Türkiye’nin bu noktada geleceğe ne kadar hazır olduğunu düşünüyorsunuz? Pandemi dönemindeki dijitale hızlı adaptasyon süreci umut verici mi? 

Firmaların tüm sektörlerde adaptasyon yeteneğinin çok güçlü olduğunu düşünüyorum. Yakın zamanda yeni normale çok hızlı adaptasyon sağladığımızı ve farklı dinamiklerle ekonomik anlamda çok hızlı toparlanma yaşadığımızı hep birlikte izledik. Dijital dönüşüm konusunda da birçok firmanın herhangi bir direnç göstermeden hızlı bir dönüşüme gittiği ve yaşanan fayda doğrultusunda kademeli dönüşümleri hızlandırdığını izliyoruz. Buradaki ivme artarak devam edecektir.

Askeri alanda elde ettiğiniz tecrübe ve başarıyı hizmet verdiğiniz diğer sektörlere nasıl yansıtıyorsunuz? 

Mevcut durumda savunma sanayii ve telekomünikasyon sektörü için geliştirdiğimiz haberleşme cihazları, çevresel ve elektriksel dayanım gereksinimleri hariç çok benzer niteliklere sahip. Bu nedenle tasarımın birçok noktası ortak yürütülebiliyor. Ancak ticari tarafta teknolojiyi üretebilmek tek başına yeterli değil; maliyet, kullanıcı deneyimi ve müşteri memnuniyeti gibi birçok parametrede optimizasyon sağlama gerekliliği var. Bu konuda ticarileştirmeyi başarabildiğimiz çok sayıda farklı ürün grubumuz rafta mevcut. Askeri taraftaki tasarım çalışmalarımızı modüler yapıda ticarileşebilecek şekilde yapmaya özen gösteriyoruz.

Dijital dönüşümün kaçınılmaz olduğu yeni süreçte, firmalara ne gibi tavsiyeleriniz olur? 

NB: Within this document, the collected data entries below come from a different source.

text \<open>
  Evaluation at a diagonal point \<open>(q, q, q)\<close> is multiplicative. On the images
  \<open>eps x = \<Phi> e_xxx\<close> of the orthogonal diagonal idempotents it therefore takes only the values 0 and 1
  (\<open>R\<close> is indecomposable), and it kills the images of all non-diagonal basis elements. Surjectivity
  of \<open>\<Phi>\<close> then attaches to every \<open>q\<close> a unique \<open>x\<close> with \<open>eps x (q, q, q) = 1\<close>.
  Sandwiching \<open>\<Phi> e_abc\<close> between a preimage of \<open>e_rqq\<close> and \<open>eps y\<close> shows that \<open>\<Phi> e_abc\<close> vanishes
  except at points whose first and last coordinates are attached to \<open>a\<close> and \<open>c\<close>. This gives a
  bijection \<open>\<phi>\<close> with \<open>eps x = e_\<phi>x\<phi>x\<phi>x\<close>, and it makes \<open>\<Phi> e_aac\<close> and \<open>\<Phi> e_acc\<close> scalar multiples of
  basis elements. The identity \<open>e_aac \<cdot> e_acc = (\<Sum>s\<in>{a..c}. e_asc)\<close> forces both scalars to be the
  same nonzero idempotent, hence 1. The factorization \<open>e_abc = e_abb \<cdot> e_bbc\<close> handles all other
  basis elements. Finally, \<open>\<phi>\<close> reflects the order because \<open>e_\<phi>a\<phi>a\<phi>c\<close> has a preimage under \<open>\<Phi>\<close>.
\<close>

lemma sum_eq_single:
  assumes "finite S" "\<And>s. s \<in> S \<Longrightarrow> s \<noteq> a \<Longrightarrow> f s = 0"
  shows "sum f S = (if a \<in> S then f a else 0)"
proof -
  have "sum f S = (\<Sum>s\<in>S. if s = a then f a else 0)"
    using assms(2) by (intro sum.cong) auto
  then show ?thesis
    using assms(1) by simp
qed
(* Let $c\in(0,1)$ and $t\in\mathbb{N}$. There exist $n_0$ and $C>0$ depending on $c$ and $t$ such that for all $n\ge n_0$: if $\mathcal{F}\subseteq\mathcal{M}_{2n}$ is a $t$-intersecting family with $|\mathcal{F}|\ge c(2(n-t)-1)!!$, then there is a set $T$ of $t$ pairwise disjoint edges of $K_{2n}$ such that \[|\mathcal{F}\setminus\mathcal{F}\!\downarrow_T| \le C\,(2(n-t-1)-1)!!,\] i.e. $|\mathcal{F}\setminus\mathcal{F}\!\downarrow_T| = O((2(n-t-1)-1)!!)$.
   Context: $\mathcal{M}_{2n}$ is the set of perfect matchings of $K_{2n}$. A family $\mathcal{F}$ is $t$-intersecting if $|m\cap m'|\ge t$ for all $m,m'\in\mathcal{F}$. For a set $S$ of disjoint edges, $\mathcal{F}\!\downarrow_S=\{m\in\mathcal{F}: S\subseteq m\}$. $(2k-1)!!=1\cdot3\cdots(2k-1)$. *)

theory Defs
  imports Complex_Main "HOL-Library.Disjoint_Sets"
begin

definition edges_K :: "nat \<Rightarrow> nat set set" where
  "edges_K n = {e. e \<subseteq> {0..<2*n} \<and> card e = 2}"

definition disjoint_edges :: "nat \<Rightarrow> nat set set \<Rightarrow> bool" where
  "disjoint_edges n S \<longleftrightarrow> S \<subseteq> edges_K n \<and> disjoint S"

definition perfect_matchings :: "nat \<Rightarrow> nat set set set" where
  "perfect_matchings n = {m. disjoint_edges n m \<and> \<Union>m = {0..<2*n}}"

definition t_intersecting :: "nat \<Rightarrow> nat set set set \<Rightarrow> bool" where
  "t_intersecting t F \<longleftrightarrow> (\<forall>m\<in>F. \<forall>m'\<in>F. card (m \<inter> m') \<ge> t)"

definition restrict_fam :: "nat set set set \<Rightarrow> nat set set \<Rightarrow> nat set set set" where
  "restrict_fam F S = {m\<in>F. S \<subseteq> m}"
(* Let $\Psi$ be the multiset union of $\check\Phi_H^+$ and the multiset $V$ of weights of $V_{\check\rho}$, and define $\mathscr P_\Psi(\check\mu;t)\in\mathbb Z[t]$ by $$\sum_{\check\mu\in\Lambda_H}\mathscr P_\Psi(\check\mu;t)e^{\check\mu}=\prod_{\check\nu\in\Psi}\frac1{1-te^{-\check\nu}}.$$ For $\check\mu\in\Lambda_H$ put $$c_{\check\mu}(q)=\sum_{w\in W_H}(-1)^{\ell(w)}\mathscr P_\Psi(\check\rho_B-w\check\rho_B-\check\mu;q^{-1})\,q^{\langle\det,\check\mu\rangle}.$$ Then, as formal power series, $$\sum_{\check\mu\in\Lambda_H,\ \langle\det,\check\mu\rangle\ge0}c_{\check\mu}(q)e^{\check\mu}=L(\check\rho)\cdot\prod_{\check\gamma\in\check\Phi_H^+}\frac{1-e^{\check\gamma}}{1-q^{-1}e^{\check\gamma}},$$ where $L(\check\rho)=\prod_{\check\nu\in V}(1-e^{\check\nu})^{-1}$.
   Context: $H$ is a split connected reductive group with coweight lattice $\Lambda_H$, positive coroots $\check\Phi_H^+$, Weyl group $W_H$ with length function $\ell$, and $\check\rho_B=\frac12\sum_{\check\gamma\in\check\Phi_H^+}\check\gamma$. $\check\rho$ is an antidominant coweight not in the linear span of the coroots, and $V_{\check\rho}$ is the irreducible representation of the dual group $\check H$ with lowest weight $\check\rho$; $V$ is the multiset of its weights. It is assumed that the character group of $H$ is generated by a character $\det$ with $\langle\det,\check\rho\rangle=1$; then $\langle\det,\check\nu\rangle=1$ for all $\check\nu\in V$ and $\langle\det,\check\gamma\rangle=0$ for all coroots $\check\gamma$. $q>1$ is a fixed number (the residue field cardinality). All series are formal series in $e^{\check\mu}$, $\check\mu\in\Lambda_H$, supported in the cone generated by $\check\Phi_H^+$ and $V$. *)

theory Defs
  imports Main "HOL-Library.Multiset" "HOL-Library.FuncSet" "HOL-Computational_Algebra.Polynomial"
begin

text \<open>Lattices: the coweight lattice Lambda_H and the character lattice X^*(T) are both
  modelled as 'n => int for a finite index type 'n (dual bases), with the perfect pairing below.\<close>

definition pair :: "('n::finite \<Rightarrow> int) \<Rightarrow> ('n \<Rightarrow> int) \<Rightarrow> int" where
  "pair x lam = (\<Sum>i\<in>UNIV. x i * lam i)"

definition rrefl :: "(('n::finite \<Rightarrow> int) \<Rightarrow> ('n \<Rightarrow> int)) \<Rightarrow> ('n \<Rightarrow> int) \<Rightarrow> ('n \<Rightarrow> int) \<Rightarrow> ('n \<Rightarrow> int)" where
  "rrefl cor a x = (\<lambda>i. x i - pair x (cor a) * a i)"

definition corefl :: "(('n::finite \<Rightarrow> int) \<Rightarrow> ('n \<Rightarrow> int)) \<Rightarrow> ('n \<Rightarrow> int) \<Rightarrow> ('n \<Rightarrow> int) \<Rightarrow> ('n \<Rightarrow> int)" where
  "corefl cor a lam = (\<lambda>i. lam i - pair a lam * cor a i)"

text \<open>Reduced root datum (X, R, Lambda, cor ` R): this is exactly the data of a split connected
  reductive group H (with a split maximal torus).\<close>
definition root_datum :: "('n::finite \<Rightarrow> int) set \<Rightarrow> (('n \<Rightarrow> int) \<Rightarrow> ('n \<Rightarrow> int)) \<Rightarrow> bool" where
  "root_datum R cor \<longleftrightarrow> finite R \<and> inj_on cor R
     \<and> (\<forall>a\<in>R. pair a (cor a) = 2)
     \<and> (\<forall>a\<in>R. \<forall>b\<in>R. rrefl cor a b \<in> R)
     \<and> (\<forall>a\<in>R. \<forall>b\<in>R. corefl cor a (cor b) \<in> cor ` R)
     \<and> (\<forall>a\<in>R. (\<lambda>i. 2 * a i) \<notin> R)"

definition positive_system :: "('n::finite \<Rightarrow> int) set \<Rightarrow> ('n \<Rightarrow> int) set \<Rightarrow> bool" where
  "positive_system R Rp \<longleftrightarrow> (\<exists>xi :: 'n \<Rightarrow> real.
      (\<forall>a\<in>R. (\<Sum>i\<in>UNIV. real_of_int (a i) * xi i) \<noteq> 0)
      \<and> Rp = {a\<in>R. (\<Sum>i\<in>UNIV. real_of_int (a i) * xi i) > 0})"

definition simple_roots :: "('n \<Rightarrow> int) set \<Rightarrow> ('n \<Rightarrow> int) set" where
  "simple_roots Rp = {a\<in>Rp. \<not> (\<exists>b\<in>Rp. \<exists>c\<in>Rp. a = (\<lambda>i. b i + c i))}"

inductive_set weyl_group :: "('n::finite \<Rightarrow> int) set \<Rightarrow> (('n \<Rightarrow> int) \<Rightarrow> ('n \<Rightarrow> int))
    \<Rightarrow> (('n \<Rightarrow> int) \<Rightarrow> ('n \<Rightarrow> int)) set" for R cor where
  weyl_id: "id \<in> weyl_group R cor"
| weyl_step: "w \<in> weyl_group R cor \<Longrightarrow> a \<in> R \<Longrightarrow> corefl cor a \<circ> w \<in> weyl_group R cor"

definition wlength :: "('n::finite \<Rightarrow> int) set \<Rightarrow> (('n \<Rightarrow> int) \<Rightarrow> ('n \<Rightarrow> int))
    \<Rightarrow> (('n \<Rightarrow> int) \<Rightarrow> ('n \<Rightarrow> int)) \<Rightarrow> nat" where
  "wlength Rp cor w = (LEAST n. \<exists>as. set as \<subseteq> simple_roots Rp \<and> length as = n
      \<and> foldr (\<lambda>a f. corefl cor a \<circ> f) as id = w)"

text \<open>rho_B - w rho_B, where 2 rho_B is the sum of the positive coroots.\<close>
definition rhodiff :: "('n::finite \<Rightarrow> int) set \<Rightarrow> (('n \<Rightarrow> int) \<Rightarrow> ('n \<Rightarrow> int))
    \<Rightarrow> (('n \<Rightarrow> int) \<Rightarrow> ('n \<Rightarrow> int)) \<Rightarrow> ('n \<Rightarrow> int)" where
  "rhodiff Rp cor w = (let tr = (\<lambda>i. \<Sum>g\<in>cor ` Rp. g i) in (\<lambda>i. (tr i - w tr i) div 2))"

text \<open>Coefficient (a polynomial in t) of e^mu in the formal series
  prod_{nu in M} 1/(1 - t e^nu), for a multiset M of lattice vectors.\<close>
definition geom_poly :: "('n::finite \<Rightarrow> int) multiset \<Rightarrow> ('n \<Rightarrow> int) \<Rightarrow> int poly" where
  "geom_poly M mu = (let I = {(v, j). j < count M v} in
     (\<Sum>c\<in>{c \<in> I \<rightarrow>\<^sub>E (UNIV :: nat set). (\<lambda>k. \<Sum>x\<in>I. int (c x) * fst x k) = mu}.
        monom 1 (\<Sum>x\<in>I. c x)))"

text \<open>Weight multiplicities of the irreducible representation of the dual group with lowest
  weight rho (Weyl character formula / Kostant multiplicity formula, lowest weight form):
  char(V) * prod_{gamma>0}(1 - e^gamma) = sum_w (-1)^l(w) e^{w rho + rho_B - w rho_B}.\<close>
definition weight_mult :: "('n::finite \<Rightarrow> int) set \<Rightarrow> (('n \<Rightarrow> int) \<Rightarrow> ('n \<Rightarrow> int))
    \<Rightarrow> ('n \<Rightarrow> int) set \<Rightarrow> ('n \<Rightarrow> int) \<Rightarrow> ('n \<Rightarrow> int) \<Rightarrow> int" where
  "weight_mult R cor Rp rho mu = (\<Sum>w\<in>weyl_group R cor. (-1) ^ wlength Rp cor w *
      poly (geom_poly (mset_set (cor ` Rp)) (\<lambda>i. mu i - w rho i - rhodiff Rp cor w i)) 1)"

definition weights_V :: "('n::finite \<Rightarrow> int) set \<Rightarrow> (('n \<Rightarrow> int) \<Rightarrow> ('n \<Rightarrow> int))
    \<Rightarrow> ('n \<Rightarrow> int) set \<Rightarrow> ('n \<Rightarrow> int) \<Rightarrow> ('n \<Rightarrow> int) multiset" where
  "weights_V R cor Rp rho = (\<Sum>mu\<in>{mu. weight_mult R cor Rp rho mu \<noteq> 0}.
      replicate_mset (nat (weight_mult R cor Rp rho mu)) mu)"

definition Psi :: "('n::finite \<Rightarrow> int) set \<Rightarrow> (('n \<Rightarrow> int) \<Rightarrow> ('n \<Rightarrow> int))
    \<Rightarrow> ('n \<Rightarrow> int) set \<Rightarrow> ('n \<Rightarrow> int) \<Rightarrow> ('n \<Rightarrow> int) multiset" where
  "Psi R cor Rp rho = mset_set (cor ` Rp) + weights_V R cor Rp rho"

definition P_Psi :: "('n::finite \<Rightarrow> int) set \<Rightarrow> (('n \<Rightarrow> int) \<Rightarrow> ('n \<Rightarrow> int))
    \<Rightarrow> ('n \<Rightarrow> int) set \<Rightarrow> ('n \<Rightarrow> int) \<Rightarrow> ('n \<Rightarrow> int) \<Rightarrow> int poly" where
  "P_Psi R cor Rp rho mu = geom_poly (image_mset (\<lambda>v i. - v i) (Psi R cor Rp rho)) mu"

definition c_coeff :: "('n::finite \<Rightarrow> int) set \<Rightarrow> (('n \<Rightarrow> int) \<Rightarrow> ('n \<Rightarrow> int))
    \<Rightarrow> ('n \<Rightarrow> int) set \<Rightarrow> ('n \<Rightarrow> int) \<Rightarrow> ('n \<Rightarrow> int) \<Rightarrow> real \<Rightarrow> ('n \<Rightarrow> int) \<Rightarrow> real" where
  "c_coeff R cor Rp rho det q mu = (\<Sum>w\<in>weyl_group R cor. (-1) ^ wlength Rp cor w *
      poly (map_poly of_int (P_Psi R cor Rp rho (\<lambda>i. rhodiff Rp cor w i - mu i))) (1 / q)
      * q powi pair det mu)"

text \<open>Product of formal series (functions Lambda => real; the supports lie in a pointed cone,
  so the defining sum is finite).\<close>
definition fconv :: "(('n::finite \<Rightarrow> int) \<Rightarrow> real) \<Rightarrow> (('n \<Rightarrow> int) \<Rightarrow> real) \<Rightarrow> ('n \<Rightarrow> int) \<Rightarrow> real" where
  "fconv f g mu = (\<Sum>a\<in>{a. f a \<noteq> 0 \<and> g (\<lambda>i. mu i - a i) \<noteq> 0}. f a * g (\<lambda>i. mu i - a i))"

text \<open>Coefficient of e^mu in L(rho) * prod_{gamma>0} (1 - e^gamma)/(1 - q^{-1} e^gamma).\<close>
definition rhs_coeff :: "('n::finite \<Rightarrow> int) set \<Rightarrow> (('n \<Rightarrow> int) \<Rightarrow> ('n \<Rightarrow> int))
    \<Rightarrow> ('n \<Rightarrow> int) set \<Rightarrow> ('n \<Rightarrow> int) \<Rightarrow> real \<Rightarrow> ('n \<Rightarrow> int) \<Rightarrow> real" where
  "rhs_coeff R cor Rp rho q mu =
     fconv (\<lambda>m. real_of_int (poly (geom_poly (weights_V R cor Rp rho) m) 1))
       (fconv (\<lambda>m. \<Sum>S\<in>{S. S \<subseteq> cor ` Rp \<and> (\<lambda>i. \<Sum>g\<in>S. g i) = m}. (-1) ^ card S)
              (\<lambda>m. poly (map_poly of_int (geom_poly (mset_set (cor ` Rp)) m)) (1 / q))) mu"

end

theory Submission
  imports Defs "HOL-Library.Function_Algebras"
begin

text \<open>
  Write \<open>D = \<Prod>(1 - e\<^sup>\<gamma>)\<close> and \<open>G\<^sub>t = \<Prod>(1 - t e\<^sup>\<gamma>)\<^sup>-\<^sup>1\<close>, products over the positive
  coroots \<open>\<gamma>\<close>, so that the right-hand side is \<open>L(\<rho>) D G\<^sub>t\<close> at \<open>t = q\<^sup>-\<^sup>1\<close>. The Weyl
  denominator formula \<open>D = \<Sum>\<^sub>w (-1)\<^bsup>l(w)\<^esup> e\<^bsup>\<rho>\<^sub>B - w \<rho>\<^sub>B\<^esup>\<close> turns it into
  \<open>\<Sum>\<^sub>w (-1)\<^bsup>l(w)\<^esup> e\<^bsup>\<rho>\<^sub>B - w \<rho>\<^sub>B\<^esup> L(\<rho>) G\<^sub>t\<close>. Since \<open>det\<close> vanishes on the coroots and is
  \<open>1\<close> on every weight of \<open>V\<close>, a monomial \<open>e\<^sup>\<mu>\<close> of \<open>\<Prod>\<^sub>\<nu>\<^sub>\<in>\<^sub>\<Psi> (1 - t e\<^sup>\<nu>)\<^sup>-\<^sup>1\<close> uses exactly
  \<open>\<langle>det, \<mu>\<rangle>\<close> factors from \<open>V\<close>. Hence its coefficient is \<open>t\<^bsup>\<langle>det, \<mu>\<rangle>\<^esup>\<close> times the
  coefficient of \<open>e\<^sup>\<mu>\<close> in \<open>L(\<rho>) G\<^sub>t\<close>, and the latter vanishes when \<open>\<langle>det, \<mu>\<rangle> < 0\<close>; at
  \<open>t = q\<^sup>-\<^sup>1\<close> this is the identity, coefficient by coefficient.

  The denominator formula is proved classically, in the lattice scaled by 2: the coefficients
  of \<open>\<Prod>(e\<^sup>\<gamma> - e\<^sup>-\<^sup>\<gamma>)\<close> change sign under every simple reflection, so they are supported
  on the regular Weyl group orbit of \<open>2\<rho>\<^sub>B\<close>, on which the Weyl group acts simply
  transitively; the exchange condition identifies the length with the number of inversions,
  which fixes the signs.
\<close>

section \<open>Lattice vectors\<close>

lemma sum_fun_apply: "(\<Sum>a\<in>A. f a) i = (\<Sum>a\<in>A. (f a i :: 'b::comm_monoid_add))"
  by (induction A rule: infinite_finite_induct) auto
lemma mixing_all_orders_tendsto:
  assumes "mixing_all_orders M" and "\<And>i. i \<le> m \<Longrightarrow> A i \<in> sets M"
    and "\<And>n. t n 0 = 0"
    and apart: "\<And>i N. i < m \<Longrightarrow> eventually (\<lambda>n. t n i + N \<le> t n (Suc i)) sequentially"
  shows "(\<lambda>n. measure M (\<Inter>i\<le>m. (shift ^^ t n i) -` A i \<inter> space M)) \<longlonglongrightarrow> (\<Prod>i\<le>m. measure M (A i))"
  unfolding tendsto_iff dist_real_def
proof (intro allI impI)
  fix e :: real
  assume "0 < e"
  then obtain N where N: "\<And>g. (\<forall>i\<in>{1..m}. N \<le> g i) \<Longrightarrow>
      \<bar>measure M (\<Inter>i\<in>{..m}. (shift ^^ (\<Sum>j\<in>{1..i}. g j)) -` A i \<inter> space M)
         - (\<Prod>i\<in>{..m}. measure M (A i))\<bar> < e"
    using assms(1,2) unfolding mixing_all_orders_def by blast
  have "eventually (\<lambda>n. \<forall>i\<in>{..<m}. t n i + N \<le> t n (Suc i)) sequentially"
    using apart by (intro eventually_ball_finite) auto
  then show "eventually (\<lambda>n. \<bar>measure M (\<Inter>i\<le>m. (shift ^^ t n i) -` A i \<inter> space M)
      - (\<Prod>i\<le>m. measure M (A i))\<bar> < e) sequentially"
  proof (rule eventually_mono)
    fix n
    assume gaps: "\<forall>i\<in>{..<m}. t n i + N \<le> t n (Suc i)"
    \<comment> \<open>Mixing of all orders is phrased with the increments between consecutive positions.\<close>
    define g where "g i = t n i - t n (i - 1)" for i
    have telescope: "(\<Sum>j\<in>{1..i}. g j) = t n i" if "i \<le> m" for i
      using that
    proof (induction i)
      case (Suc i)
      then have "t n i \<le> t n (Suc i)"
        using gaps[rule_format, of i] by simp
      then show ?case
        using Suc by (simp add: g_def)
    qed (simp add: assms(3))
    have "N \<le> g i" if "i \<in> {1..m}" for i
    proof -
      have "i - 1 < m"
        using that by auto
      then have "t n (i - 1) + N \<le> t n (Suc (i - 1))"
        using gaps by simp
      then have "t n (i - 1) + N \<le> t n i"
        using that by simp
      then show ?thesis
        unfolding g_def by linarith
    qed
    moreover have "(\<Inter>i\<in>{..m}. (shift ^^ (\<Sum>j\<in>{1..i}. g j)) -` A i \<inter> space M)
                 = (\<Inter>i\<le>m. (shift ^^ t n i) -` A i \<inter> space M)"
      by (intro INF_cong refl) (metis atMost_iff telescope)
    ultimately show "\<bar>measure M (\<Inter>i\<le>m. (shift ^^ t n i) -` A i \<inter> space M)
                       - (\<Prod>i\<le>m. measure M (A i))\<bar> < e"
      using N[of g] by simp
  qed
qed
lemma sum_work_le_length:
  assumes "is_schedule n r p w" "A \<subseteq> {..<n}" "a \<le> b"
  shows "(\<Sum>j\<in>A. work w j a b) \<le> b - a"
proof -
  have "(\<Sum>j\<in>A. work w j a b) \<le> integral\<^sup>L lborel (indicator {a..b} :: real \<Rightarrow> real)"
    unfolding sum_work_eq_integral[OF assms(1,2)]
  proof (rule integral_mono[OF integrable_sum_schedule_on_interval[OF assms(1,2)]])
    show "integrable lborel (indicator {a..b} :: real \<Rightarrow> real)"
      by (rule integrable_real_indicator) (auto simp: emeasure_lborel_Icc_eq)
    fix t :: real
    have "(\<Sum>j\<in>A. w j t) \<le> (\<Sum>j<n. w j t)"
      by (rule sum_mono2) (use assms in \<open>auto simp: is_schedule_def\<close>)
    also have "\<dots> \<le> 1"
      using assms by (simp add: is_schedule_def)
    finally show "(\<Sum>j\<in>A. indicator {a..b} t * w j t) \<le> indicator {a..b} t"
      by (auto simp: indicator_def)
  qed
  then show ?thesis
    using assms(3) by simp
qed

lemma sum_work_ge_length:
  assumes "is_schedule n r p w" "A \<subseteq> {..<n}" "a \<le> b"
    and busy: "\<And>t. a < t \<Longrightarrow> t \<le> b \<Longrightarrow> 1 \<le> (\<Sum>j\<in>A. w j t)"
  shows "b - a \<le> (\<Sum>j\<in>A. work w j a b)"
proof -
  have "b - a = integral\<^sup>L lborel (indicator {a<..b} :: real \<Rightarrow> real)"
    using assms(3) by simp
  also have "\<dots> \<le> integral\<^sup>L lborel (\<lambda>t. \<Sum>j\<in>A. indicator {a..b} t * w j t)"
  proof (rule integral_mono[OF _ integrable_sum_schedule_on_interval[OF assms(1,2)]])
    show "integrable lborel (indicator {a<..b} :: real \<Rightarrow> real)"
      by (rule integrable_real_indicator) (use assms(3) in auto)
    fix t :: real
    have "0 \<le> (\<Sum>j\<in>A. indicator {a..b} t * w j t)"
      by (rule sum_nonneg) (use assms(2) schedule_nonneg[OF assms(1)] in auto)
    then show "indicator {a<..b} t \<le> (\<Sum>j\<in>A. indicator {a..b} t * w j t)"
      using busy[of t] by (auto simp: indicator_def)
  qed
  finally show ?thesis
    by (simp add: sum_work_eq_integral[OF assms(1,2)])
qed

Rekabet edebilmek için sektörün doğru analizini yapmak ve gereken alanlarda optimum maliyetle dijital dönüşümü planlamak gerekiyor. Bu noktada sektörlerin farklı dinamikleri var ve genel tavsiye vermek bence  çok doğru değil. Ancak sektör özelinde biraz daha spesifik bir farkındalık oluşturmak amacıyla bütün firmalar için çok önemli olan verilerin tamamının haberleşme altyapı cihazları üzerinden sağlandığının ve burada her an trafik dinlenme, kesilme ve müdahale edilme hassasiyetlerini barındırdığının bilincinde olmamız gerekiyor. Dijital dönüşüm yaparken verilerin güvenliğini de sağlayacak şekilde sistem kurmak ve bu değerli verileri mümkün olduğunca yabancı firmalara emanet etmemek gerekiyor.